DQI-SNR scoring models: DQI-SNR Model 1, predefined cut-offs; DQI-SNR Model 2, median-based cut-offs; DQI-SNR Model 3, quintile-based cut-offs.

P for trend for continuous DQI-SNR score.

Basic model adjusted for method version, season of data collection, age (continuous) and total energy intake (continuous).

§

Full model adjusted for method version, season of data collection, age (continuous), total energy intake (continuous), smoking status, leisure-time physical activity and alcohol consumption.

Discussion

Overall findings

The main finding of the present study is that different scoring methods for dietary indices, even when characterizing identical dietary components, can seriously influence the magnitude of the observed diet–mortality associations. Results suggest however that a dietary pattern similar to what is currently recommended is associated with decreased risk of all-cause mortality and cause-specific mortality, particularly CVD mortality among men.

The DQI-SNR and mortality outcomes

The DQI-SNR was associated with mortality among both men and women. However, the reduction in CVD mortality among men with high DQI-SNR scores was not seen among women. Several plausible reasons could be behind these null associations including that the women in this study population constitute a more homogeneous group (i.e. health-conscious with narrow ranges of nutrient and food intakes) and that associations with mortality may be affected by other uncontrolled factors (e.g. treatment at hospital, timing of hospitalization). In addition, CVD develops approximately 10 years later in women and the female study population is slightly younger than the male. Excluding women below the age of 50 years at baseline strengthened the associations seen with all-cause and cancer mortality; however, the number of CVD deaths was reduced even further and no associations could be seen (data not shown). The strong risk reduction in mortality from non-CVD, non-cancer causes among women has not been observed previously to our knowledge. However, these results are in line with a meta-analysis investigating adherence to the Mediterranean diet which found a significant reduction (13 %) in incidence of Parkinson's and Alzheimer's disease( 30 ) and a study by Park et al.( 31 ) that found an inverse association between dietary fibre and mortality from respiratory diseases. Although the health effects from dietary patterns similar to the SNR vary between populations, the magnitude of the beneficial effect detected in the current study population is high particularly among men( 5 7 ). This may be a population-specific observation or could be explained by the high relative validity of the dietary assessment method used in the current study( 32 ).

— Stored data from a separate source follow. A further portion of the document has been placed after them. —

lemma measure_pair_measure_le_nbhd_prod_metric_F:
  assumes sep: "separable_space M1.mtopology" "separable_space M2.mtopology"
    and F: "F2 F"
    and \<mu>: "prob_space \<mu>" "sets \<mu> = sets (borel_of M1.mtopology)"
    and \<mu>': "prob_space \<mu>'" "sets \<mu>' = sets (borel_of M1.mtopology)"
    and \<nu>: "prob_space \<nu>" "sets \<nu> = sets (borel_of M2.mtopology)"
    and \<nu>': "prob_space \<nu>'" "sets \<nu>' = sets (borel_of M2.mtopology)"
    and "0 \<le> l"
    and adm1: "prokhorov_admissible l M1 d1 \<mu> \<mu>' \<epsilon>"
    and adm2: "prokhorov_admissible l M2 d2 \<nu> \<nu>' \<delta>"
    and F_less: "\<And>u v. 0 \<le> u \<Longrightarrow> u < \<epsilon> + g \<Longrightarrow> 0 \<le> v \<Longrightarrow> v < \<delta> + g \<Longrightarrow> F u v < c"
    and "\<epsilon> + \<delta> \<le> c" and "0 < g"
    and C: "C \<in> sets (\<mu>' \<Otimes>\<^sub>M \<nu>')"
  shows "measure (\<mu>' \<Otimes>\<^sub>M \<nu>') C - l * c
    \<le> measure (\<mu> \<Otimes>\<^sub>M \<nu>) (nbhd (M1 \<times> M2) (prod_metric_F F d1 d2) C c)"
proof -
  let ?B = "borel_of M1.mtopology \<Otimes>\<^sub>M borel_of M2.mtopology"
  have sets_eq: "sets (\<mu>' \<Otimes>\<^sub>M \<nu>') = sets ?B" "sets (\<mu> \<Otimes>\<^sub>M \<nu>) = sets ?B"
    by (rule sets_pair_measure_cong[OF \<mu>'(2) \<nu>'(2)], rule sets_pair_measure_cong[OF \<mu>(2) \<nu>(2)])
  have "C \<subseteq> M1 \<times> M2"
    using sets.sets_into_space[of C ?B] C by (simp add: sets_eq space_pair_measure space_borel_of)
  \<comment> \<open>\<open>C\<close> is first thickened to an open set, so that the section neighbourhoods built
    from it are again open, hence product-measurable.\<close>
  define T where "T = {(x, y) \<in> M1 \<times> M2. \<exists>(x0, y0)\<in>C. d1 x x0 < g \<and> d2 y y0 < g}"
  define D where "D = (SIGMA x:M1. nbhd M2 d2 (Pair x -` T) \<delta>)"
  define E where "E = prod.swap ` (SIGMA y:M2. nbhd M1 d1 ((\<lambda>x. (x, y)) -` D) \<epsilon>)"
  define N where "N = nbhd (M1 \<times> M2) (prod_metric_F F d1 d2) C c"
  have T: "box_open M1 d1 M2 d2 T"
    unfolding T_def using \<open>C \<subseteq> M1 \<times> M2\<close> by (rule box_open_box_thickening)
  have "C \<subseteq> T"
    using \<open>C \<subseteq> M1 \<times> M2\<close> \<open>0 < g\<close> by (force simp: T_def)
  have "N \<in> sets ?B"
    unfolding N_def using sep F \<open>C \<subseteq> M1 \<times> M2\<close>
    by (intro box_open_in_sets_pair_measure box_open_nbhd_prod_metric_F)
  have "E \<subseteq> N"
  proof clarify
    fix x y assume "(x, y) \<in> E"
    then obtain x1 y1 x0 y0 where "x \<in> M1" "y \<in> M2" "x1 \<in> M1" "d1 x x1 < \<epsilon>" "y1 \<in> M2" "d2 y y1 < \<delta>"
      "(x0, y0) \<in> C" "d1 x1 x0 < g" "d2 y1 y0 < g"
      unfolding E_def D_def T_def by (auto simp: nbhd_altdef)
    moreover have "d1 x x0 \<le> d1 x x1 + d1 x1 x0" "d2 y y0 \<le> d2 y y1 + d2 y1 y0"
      using calculation \<open>C \<subseteq> M1 \<times> M2\<close> M1.triangle M2.triangle by auto
    ultimately show "(x, y) \<in> N"
      using F_less[of "d1 x x0" "d2 y y0"] by (force simp: N_def nbhd_altdef prod_metric_F_def)
  qed
  have "emeasure (\<mu>' \<Otimes>\<^sub>M \<nu>') C \<le> emeasure (\<mu>' \<Otimes>\<^sub>M \<nu>') T"
    using C \<open>C \<subseteq> T\<close> box_open_in_sets_pair_measure[OF sep T] by (intro emeasure_mono) (simp_all add: sets_eq)
  also have "\<dots> \<le> emeasure (\<mu>' \<Otimes>\<^sub>M \<nu>) D + ennreal (l * \<delta>)"
    unfolding D_def by (rule emeasure_pair_measure_le_nbhd_snd[OF sep \<mu>' \<nu> \<nu>' \<open>0 \<le> l\<close> adm2 T])
  also have "\<dots> \<le> emeasure (\<mu> \<Otimes>\<^sub>M \<nu>) E + ennreal (l * \<epsilon>) + ennreal (l * \<delta>)"
    unfolding E_def D_def
    by (intro add_right_mono emeasure_pair_measure_le_nbhd_fst[OF sep \<mu> \<mu>' \<nu> \<open>0 \<le> l\<close> adm1]
        box_open_nbhd_snd T)
  also have "\<dots> \<le> emeasure (\<mu> \<Otimes>\<^sub>M \<nu>) N + ennreal (l * c)"
  proof -
    have "ennreal (l * \<epsilon>) + ennreal (l * \<delta>) \<le> ennreal (l * c)"
      using adm1 adm2 \<open>0 \<le> l\<close> \<open>\<epsilon> + \<delta> \<le> c\<close>
      by (simp add: prokhorov_admissible_def mult_left_mono flip: ennreal_plus distrib_left)
    moreover have "emeasure (\<mu> \<Otimes>\<^sub>M \<nu>) E \<le> emeasure (\<mu> \<Otimes>\<^sub>M \<nu>) N"
      using \<open>E \<subseteq> N\<close> \<open>N \<in> sets ?B\<close> by (intro emeasure_mono) (simp_all add: sets_eq)
    ultimately show ?thesis
      by (simp add: add.assoc add_mono)
  qed
  finally show ?thesis
    unfolding N_def
    using \<open>0 \<le> l\<close> adm1 adm2 \<open>\<epsilon> + \<delta> \<le> c\<close> prob_space_pair[OF \<mu>'(1) \<nu>'(1)] prob_space_pair[OF \<mu>(1) \<nu>(1)]
    by (subst (asm) emeasure_le_add_iff_measure)
      (auto simp: prob_space_def prokhorov_admissible_def)
qed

Selection of scoring model

The present results highlight the importance of choosing appropriate scoring models for dietary indices. Overall, there were large differences in the predictive capability of the models used and the associations seen also differed between men and women. The present study considered three scoring models for the DQI-SNR. Although similar scoring models have previously been applied in other studies using different dietary indices, to the best of our knowledge no study has investigated the effect of different scoring models on the predictive capability of a single index. Predefined cut-offs based on recommended intakes have been used for several dietary indices( 6 , 33 35 ). This scoring model is particularly useful when investigating the level of adherence to dietary recommendations and the possible effect a particular a priori determined dietary pattern may have on health outcomes. In contrast, population-based cut-offs are often used for dietary indices investigating the combined effect of several foods and/or nutrients when there are no predefined levels of recommended intake (e.g. the Mediterranean Diet Score)( 36 ). These scoring models, in contrast to predefined cut-offs, are not dependent on a certain level of intake of the individual components in order for the components to provide sufficient discriminative power( 16 ). However, when these indices are applied in populations with very different eating patterns (e.g. applying the Mediterranean Diet Score in a Scandinavian population) it is questionable what type of dietary pattern is investigated. A combination of both predefined and population-based scoring models has also been applied previously( 9 , 37 ). Weighting of components could also be considered( 16 18 ). However, current knowledge does not provide the evidence needed on the individual components and their relative impact on mortality outcomes. For investigation of the association between diet quality and specific diseases it could be advised to include analysis on the individual components to determine which aspects of overall diet quality are more important in relation to the health outcome.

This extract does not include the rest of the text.